Requirement:
Which lines of the records below contain the string "proof"? Report each of them.

Data records:
(* Let $\mathbb{F}\in\{\mathbb{R},\mathbb{C}\}$, let $A_1,A_2,\ldots$ be a sequence of matrices in $\mathbb{F}^{n\times n}$, and let $\mu$ be a matrix norm on $\mathbb{F}^{n\times n}$. Suppose that $\sum_{i=1}^\infty(\max(\mu(A_i),1)-1)$ converges and that $\sum_{i=1}^\infty(1-\min(\mu(A_i),1))$ diverges. Then all general products from $A_1,A_2,\ldots$ converge to $0$: for every permutation $\sigma$ of the positive integers, every integer $p\ge0$, and every sequence $(C_{p,r})_{r\ge1}$ of general products as defined below, $\lim_{r\to\infty}C_{p,r}=0$.
   Context: A matrix norm is a submultiplicative norm on $\mathbb{F}^{n\times n}$. General products: given a permutation $\sigma$ of the positive integers, set $B_i=A_{\sigma(i)}$; for an integer $p\ge0$ and each $r\ge1$, $C_{p,r}$ is a product of the matrices $B_{p+1},\ldots,B_{p+r}$, each used exactly once, taken in some order (the order may be chosen arbitrarily and independently for each $r$). *)

theory Defs
  imports "HOL-Analysis.Analysis"
begin

definition matrix_norm :: "('a::{real_normed_field} ^'n^'n \<Rightarrow> real) \<Rightarrow> bool" where
  "matrix_norm \<mu> \<longleftrightarrow>
     (\<forall>A. \<mu> A = 0 \<longleftrightarrow> A = 0) \<and>
     (\<forall>A. 0 \<le> \<mu> A) \<and>
     (\<forall>c A. \<mu> (\<chi> i j. c * A $ i $ j) = norm c * \<mu> A) \<and>
     (\<forall>A B. \<mu> (A + B) \<le> \<mu> A + \<mu> B) \<and>
     (\<forall>A B. \<mu> (A ** B) \<le> \<mu> A * \<mu> B)"

definition list_mat_prod :: "(nat \<Rightarrow> 'a::semiring_1^'n^'n) \<Rightarrow> nat list \<Rightarrow> 'a^'n^'n" where
  "list_mat_prod B xs = foldr (\<lambda>i M. B i ** M) xs (mat 1)"

definition is_general_product ::
  "(nat \<Rightarrow> 'a::semiring_1^'n^'n) \<Rightarrow> nat \<Rightarrow> nat \<Rightarrow> 'a^'n^'n \<Rightarrow> bool" where
  "is_general_product B p r C \<longleftrightarrow>
     (\<exists>xs. distinct xs \<and> set xs = {p+1..p+r} \<and> C = list_mat_prod B xs)"

end

theory Submission
  imports Defs
begin

text \<open>By submultiplicativity, the \<open>\<mu>\<close>-norm of a general product is at most the product of the
  \<open>\<mu>(A\<^sub>i)\<close> over the indices used, and \<open>\<mu>(A\<^sub>i) \<le> exp (e\<^sub>i - d\<^sub>i)\<close> with excess
  \<open>e\<^sub>i = max \<mu>(A\<^sub>i) 1 - 1\<close> and deficit \<open>d\<^sub>i = 1 - min \<mu>(A\<^sub>i) 1\<close>. The excesses have a
  finite sum, whereas the deficits summed over \<open>\<sigma>{p+1..p+r}\<close> diverge, since these index sets
  eventually contain every index outside the finite set \<open>\<sigma>{1..p}\<close>. So the norms of the
  products tend to 0, and so do their entries: sandwiching a matrix between matrix units shows
  that each entry is bounded by a multiple of its \<open>\<mu>\<close>-norm.\<close>

lemma matrix_norm_nonneg: "matrix_norm \<mu> \<Longrightarrow> 0 \<le> \<mu> A"
  and matrix_norm_eq_0_iff: "matrix_norm \<mu> \<Longrightarrow> \<mu> A = 0 \<longleftrightarrow> A = 0"
  and matrix_norm_scale: "matrix_norm \<mu> \<Longrightarrow> \<mu> (\<chi> i j. c * A $ i $ j) = norm c * \<mu> A"
  and matrix_norm_mult_le: "matrix_norm \<mu> \<Longrightarrow> \<mu> (A ** B) \<le> \<mu> A * \<mu> B"
  by (simp_all add: matrix_norm_def)

definition matrix_unit :: "'n::finite \<Rightarrow> 'n \<Rightarrow> 'a::semiring_1^'n^'n" where
  "matrix_unit k l = (\<chi> a b. of_bool (a = k \<and> b = l))"

lemma matrix_unit_nonzero: "matrix_unit k l \<noteq> 0"
  by (simp add: matrix_unit_def vec_eq_iff)

lemma matrix_unit_mult_left: "matrix_unit i i ** M = (\<chi> a b. of_bool (a = i) * M $ i $ b)"
  by (auto simp add: matrix_unit_def matrix_matrix_mult_def vec_eq_iff sum.If_cases)

lemma matrix_unit_sandwich:
  "matrix_unit i i ** M ** matrix_unit j j = (\<chi> a b. M $ i $ j * matrix_unit i j $ a $ b)"
  by (auto simp add: matrix_unit_mult_left matrix_unit_def matrix_matrix_mult_def vec_eq_iff
      sum.If_cases)

lemma matrix_norm_entry_bound:
  fixes \<mu> :: "'a::real_normed_field^'n::finite^'n \<Rightarrow> real"
  assumes "matrix_norm \<mu>"
  obtains K where "\<And>M. norm (M $ i $ j) \<le> K * \<mu> M"
proof
  fix M :: "'a^'n^'n"
  let ?E = "matrix_unit :: 'n \<Rightarrow> 'n \<Rightarrow> 'a^'n^'n"
  have pos: "0 < \<mu> (?E i j)"
    using assms matrix_unit_nonzero
    by (metis matrix_norm_eq_0_iff matrix_norm_nonneg order_le_less)
  have "norm (M $ i $ j) * \<mu> (?E i j) = \<mu> (?E i i ** M ** ?E j j)"
    using assms by (simp add: matrix_unit_sandwich matrix_norm_scale)
  also have "\<dots> \<le> \<mu> (?E i i) * \<mu> M * \<mu> (?E j j)"
    using assms by (meson matrix_norm_mult_le matrix_norm_nonneg mult_right_mono order_trans)
  finally show "norm (M $ i $ j) \<le> \<mu> (?E i i) * \<mu> (?E j j) / \<mu> (?E i j) * \<mu> M"
    using pos by (simp add: field_simps)
qed

lemma matrix_norm_tendsto_0_imp_tendsto_0:
  fixes \<mu> :: "'a::real_normed_field^'n::finite^'n \<Rightarrow> real"
  assumes "matrix_norm \<mu>" and "((\<lambda>x. \<mu> (f x)) \<longlongrightarrow> 0) F"
  shows "(f \<longlongrightarrow> 0) F"
proof (intro vec_tendstoI)
  fix i j
  obtain K where K: "\<And>M. norm (M $ i $ j) \<le> K * \<mu> M"
    using matrix_norm_entry_bound[OF assms(1), where i = i and j = j] by blast
  have "((\<lambda>x. f x $ i $ j) \<longlongrightarrow> 0) F"
    by (rule Lim_null_comparison[where g = "\<lambda>x. K * \<mu> (f x)"])
      (use K tendsto_mult_right_zero[OF assms(2)] in auto)
  then show "((\<lambda>x. f x $ i $ j) \<longlongrightarrow> 0 $ i $ j) F"
    by simp
qed

lemma matrix_norm_list_mat_prod_le:
  assumes "matrix_norm \<mu>" and "xs \<noteq> []"
  shows "\<mu> (list_mat_prod B xs) \<le> (\<Prod>i\<leftarrow>xs. \<mu> (B i))"
  using assms(2)
proof (induction xs)
  case (Cons i ys)
  show ?case
  proof (cases "ys = []")
    case True
    then show ?thesis by (simp add: list_mat_prod_def)
  next
    case False
    have "\<mu> (list_mat_prod B (i # ys)) \<le> \<mu> (B i) * \<mu> (list_mat_prod B ys)"
      using assms(1) by (simp add: list_mat_prod_def matrix_norm_mult_le)
    also have "\<dots> \<le> \<mu> (B i) * (\<Prod>i\<leftarrow>ys. \<mu> (B i))"
      using Cons False assms(1) by (simp add: mult_left_mono matrix_norm_nonneg)
    finally show ?thesis by simp
  qed
qed simp

lemma matrix_norm_general_product_le:
  assumes "matrix_norm \<mu>" and "is_general_product B p r C" and "1 \<le> r"
  shows "\<mu> C \<le> (\<Prod>i\<in>{p+1..p+r}. \<mu> (B i))"
proof -
  obtain xs where xs: "distinct xs" "set xs = {p+1..p+r}" "C = list_mat_prod B xs"
    using assms(2) unfolding is_general_product_def by blast
  have "xs \<noteq> []"
    using xs(2) assms(3) by auto
  then have "\<mu> C \<le> (\<Prod>i\<leftarrow>xs. \<mu> (B i))"
    using matrix_norm_list_mat_prod_le[OF assms(1)] xs(3) by simp
  also have "\<dots> = (\<Prod>i\<in>{p+1..p+r}. \<mu> (B i))"
    using xs(1,2) by (metis prod.distinct_set_conv_list)
  finally show ?thesis .
qed

lemma prod_le_exp_excess_minus_deficit:
  fixes a :: "nat \<Rightarrow> real"
  assumes "\<And>k. 0 \<le> a k" and "summable (\<lambda>k. max (a k) 1 - 1)" and "finite S"
  shows "(\<Prod>k\<in>S. a k) \<le> exp ((\<Sum>k. max (a k) 1 - 1) - (\<Sum>k\<in>S. 1 - min (a k) 1))"
proof -
  have "a k \<le> exp ((max (a k) 1 - 1) - (1 - min (a k) 1))" for k
    using exp_ge_add_one_self[of "(max (a k) 1 - 1) - (1 - min (a k) 1)"]
    by (simp add: max_def min_def split: if_splits)
  then have "(\<Prod>k\<in>S. a k) \<le> (\<Prod>k\<in>S. exp ((max (a k) 1 - 1) - (1 - min (a k) 1)))"
    by (intro prod_mono) (simp add: assms(1))
  also have "\<dots> = exp ((\<Sum>k\<in>S. max (a k) 1 - 1) - (\<Sum>k\<in>S. 1 - min (a k) 1))"
    by (simp only: sum_subtractf[symmetric] exp_sum[OF assms(3)])
  also have "\<dots> \<le> exp ((\<Sum>k. max (a k) 1 - 1) - (\<Sum>k\<in>S. 1 - min (a k) 1))"
    using sum_le_suminf[OF assms(2,3)] by simp
  finally show ?thesis .
qed

lemma sum_tendsto_top_if_not_summable:
  fixes g :: "nat \<Rightarrow> real"
  assumes "\<And>k. 0 \<le> g k" and "\<not> summable g" and "finite F" and "\<And>r. finite (S r)"
    and "\<And>N. eventually (\<lambda>r. {..N} \<subseteq> S r \<union> F) sequentially"
  shows "filterlim (\<lambda>r. sum g (S r)) at_top sequentially"
  unfolding filterlim_at_top
proof
  fix c :: real
  obtain N where N: "c + sum g F < sum g {..N}"
    using bounded_imp_summable[of g "c + sum g F"] assms(1,2) by (meson not_le)
  show "eventually (\<lambda>r. c \<le> sum g (S r)) sequentially"
    using assms(5)[of N]
  proof eventually_elim
    case (elim r)
    have "sum g {..N} \<le> sum g (S r \<union> F)"
      using elim assms by (intro sum_mono2) auto
    also have "\<dots> \<le> sum g (S r) + sum g F"
      using assms by (simp add: sum_Un sum_nonneg)
    finally show ?case
      using N by linarith
  qed
qed

lemma bij_betw_image_interval_exhausts:
  fixes \<sigma> :: "nat \<Rightarrow> nat"
  assumes "bij_betw \<sigma> {1..} {1..}"
  shows "eventually (\<lambda>r. {..N} \<subseteq> \<sigma> ` {p+1..p+r} \<union> insert 0 (\<sigma> ` {1..p})) sequentially"
proof -
  have "{1..N} \<subseteq> \<sigma> ` {1..}"
    using assms by (auto simp: bij_betw_def)
  then obtain I where I: "I \<subseteq> {1..}" "finite I" "{1..N} = \<sigma> ` I"
    using finite_subset_image[OF finite_atLeastAtMost] by metis
  show ?thesis
  proof (rule eventually_sequentiallyI[of "Max I"])
    fix r assume "Max I \<le> r"
    then have "I \<subseteq> {1..p} \<union> {p+1..p+r}"
      using I(1) Max_ge[OF I(2)] by (force simp: subset_eq)
    then have "{1..N} \<subseteq> \<sigma> ` {1..p} \<union> \<sigma> ` {p+1..p+r}"
      unfolding I(3) by blast
    moreover have "{..N} \<subseteq> insert 0 {1..N}"
      by auto
    ultimately show "{..N} \<subseteq> \<sigma> ` {p+1..p+r} \<union> insert 0 (\<sigma> ` {1..p})"
      by blast
  qed
qed

lemma general_products_tendsto_0:
  fixes A :: "nat \<Rightarrow> 'a::real_normed_field^'n::finite^'n"
  assumes \<mu>: "matrix_norm \<mu>"
    and excess_Suc: "summable (\<lambda>i. max (\<mu> (A (Suc i))) 1 - 1)"
    and deficit_Suc: "\<not> summable (\<lambda>i. 1 - min (\<mu> (A (Suc i))) 1)"
    and \<sigma>: "bij_betw \<sigma> {1..} {1..}"
    and C: "\<forall>r\<ge>1. is_general_product (\<lambda>i. A (\<sigma> i)) p r (C r)"
  shows "C \<longlonglongrightarrow> 0"
proof (rule matrix_norm_tendsto_0_imp_tendsto_0[OF \<mu>])
  have excess: "summable (\<lambda>i. max (\<mu> (A i)) 1 - 1)"
    using excess_Suc summable_Suc_iff[of "\<lambda>i. max (\<mu> (A i)) 1 - 1"] by simp
  have deficit: "\<not> summable (\<lambda>i. 1 - min (\<mu> (A i)) 1)"
    using deficit_Suc summable_Suc_iff[of "\<lambda>i. 1 - min (\<mu> (A i)) 1"] by simp
  define S where "S r = \<sigma> ` {p+1..p+r}" for r
  define X where "X = (\<Sum>i. max (\<mu> (A i)) 1 - 1)"
  define D where "D r = (\<Sum>i\<in>S r. 1 - min (\<mu> (A i)) 1)" for r
  have bound: "eventually (\<lambda>r. norm (\<mu> (C r)) \<le> exp (X - D r)) sequentially"
  proof (rule eventually_sequentiallyI[of 1])
    fix r :: nat assume "1 \<le> r"
    have "inj_on \<sigma> {p+1..p+r}"
      using \<sigma> by (rule bij_betw_imp_inj_on[THEN inj_on_subset]) auto
    have "\<mu> (C r) \<le> (\<Prod>i\<in>{p+1..p+r}. \<mu> (A (\<sigma> i)))"
      using matrix_norm_general_product_le[OF \<mu>] C \<open>1 \<le> r\<close> by blast
    also have "\<dots> = (\<Prod>i\<in>S r. \<mu> (A i))"
      using \<open>inj_on \<sigma> {p+1..p+r}\<close> by (simp add: S_def prod.reindex)
    also have "\<dots> \<le> exp (X - D r)"
      unfolding X_def D_def
      by (rule prod_le_exp_excess_minus_deficit[OF matrix_norm_nonneg[OF \<mu>] excess])
        (simp add: S_def)
    finally show "norm (\<mu> (C r)) \<le> exp (X - D r)"
      by (simp add: matrix_norm_nonneg[OF \<mu>])
  qed
  have "filterlim D at_top sequentially"
    unfolding D_def
    by (rule sum_tendsto_top_if_not_summable[OF _ deficit, where F = "insert 0 (\<sigma> ` {1..p})"])
      (use bij_betw_image_interval_exhausts[OF \<sigma>] in \<open>simp_all add: S_def\<close>)
  then have "filterlim (\<lambda>r. - X + D r) at_top sequentially"
    by (rule filterlim_tendsto_add_at_top[OF tendsto_const])
  then have "filterlim (\<lambda>r. X - D r) at_bot sequentially"
    by (simp add: filterlim_uminus_at_top)
  then have "(\<lambda>r. exp (X - D r)) \<longlonglongrightarrow> 0"
    by (rule filterlim_compose[OF exp_at_bot])
  then show "(\<lambda>r. \<mu> (C r)) \<longlonglongrightarrow> 0"
    by (rule Lim_null_comparison[OF bound])
qed

theorem theorem3p2:
  shows "(\<forall>(A :: nat \<Rightarrow> real^'n::finite^'n) (\<mu> :: real^'n^'n \<Rightarrow> real).
      matrix_norm \<mu> \<longrightarrow>
      summable (\<lambda>i. max (\<mu> (A (Suc i))) 1 - 1) \<longrightarrow>
      \<not> summable (\<lambda>i. 1 - min (\<mu> (A (Suc i))) 1) \<longrightarrow>
      (\<forall>(\<sigma> :: nat \<Rightarrow> nat) (p :: nat) (C :: nat \<Rightarrow> real^'n::finite^'n).
         bij_betw \<sigma> {1..} {1..} \<longrightarrow>
         (\<forall>r\<ge>1. is_general_product (\<lambda>i. A (\<sigma> i)) p r (C r)) \<longrightarrow>
         C \<longlonglongrightarrow> 0))
    \<and> (\<forall>(A :: nat \<Rightarrow> complex^'n::finite^'n) (\<mu> :: complex^'n^'n \<Rightarrow> real).
      matrix_norm \<mu> \<longrightarrow>
      summable (\<lambda>i. max (\<mu> (A (Suc i))) 1 - 1) \<longrightarrow>
      \<not> summable (\<lambda>i. 1 - min (\<mu> (A (Suc i))) 1) \<longrightarrow>
      (\<forall>(\<sigma> :: nat \<Rightarrow> nat) (p :: nat) (C :: nat \<Rightarrow> complex^'n::finite^'n).
         bij_betw \<sigma> {1..} {1..} \<longrightarrow>
         (\<forall>r\<ge>1. is_general_product (\<lambda>i. A (\<sigma> i)) p r (C r)) \<longrightarrow>
         C \<longlonglongrightarrow> 0))"
  by (intro conjI allI impI) (rule general_products_tendsto_0; assumption)+

end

The completed task:
proof
proof (intro vec_tendstoI)
proof (induction xs)
  proof (cases "ys = []")
proof -
proof -
proof
  proof eventually_elim
proof -
  proof (rule eventually_sequentiallyI[of "Max I"])
proof (rule matrix_norm_tendsto_0_imp_tendsto_0[OF \<mu>])
  proof (rule eventually_sequentiallyI[of 1])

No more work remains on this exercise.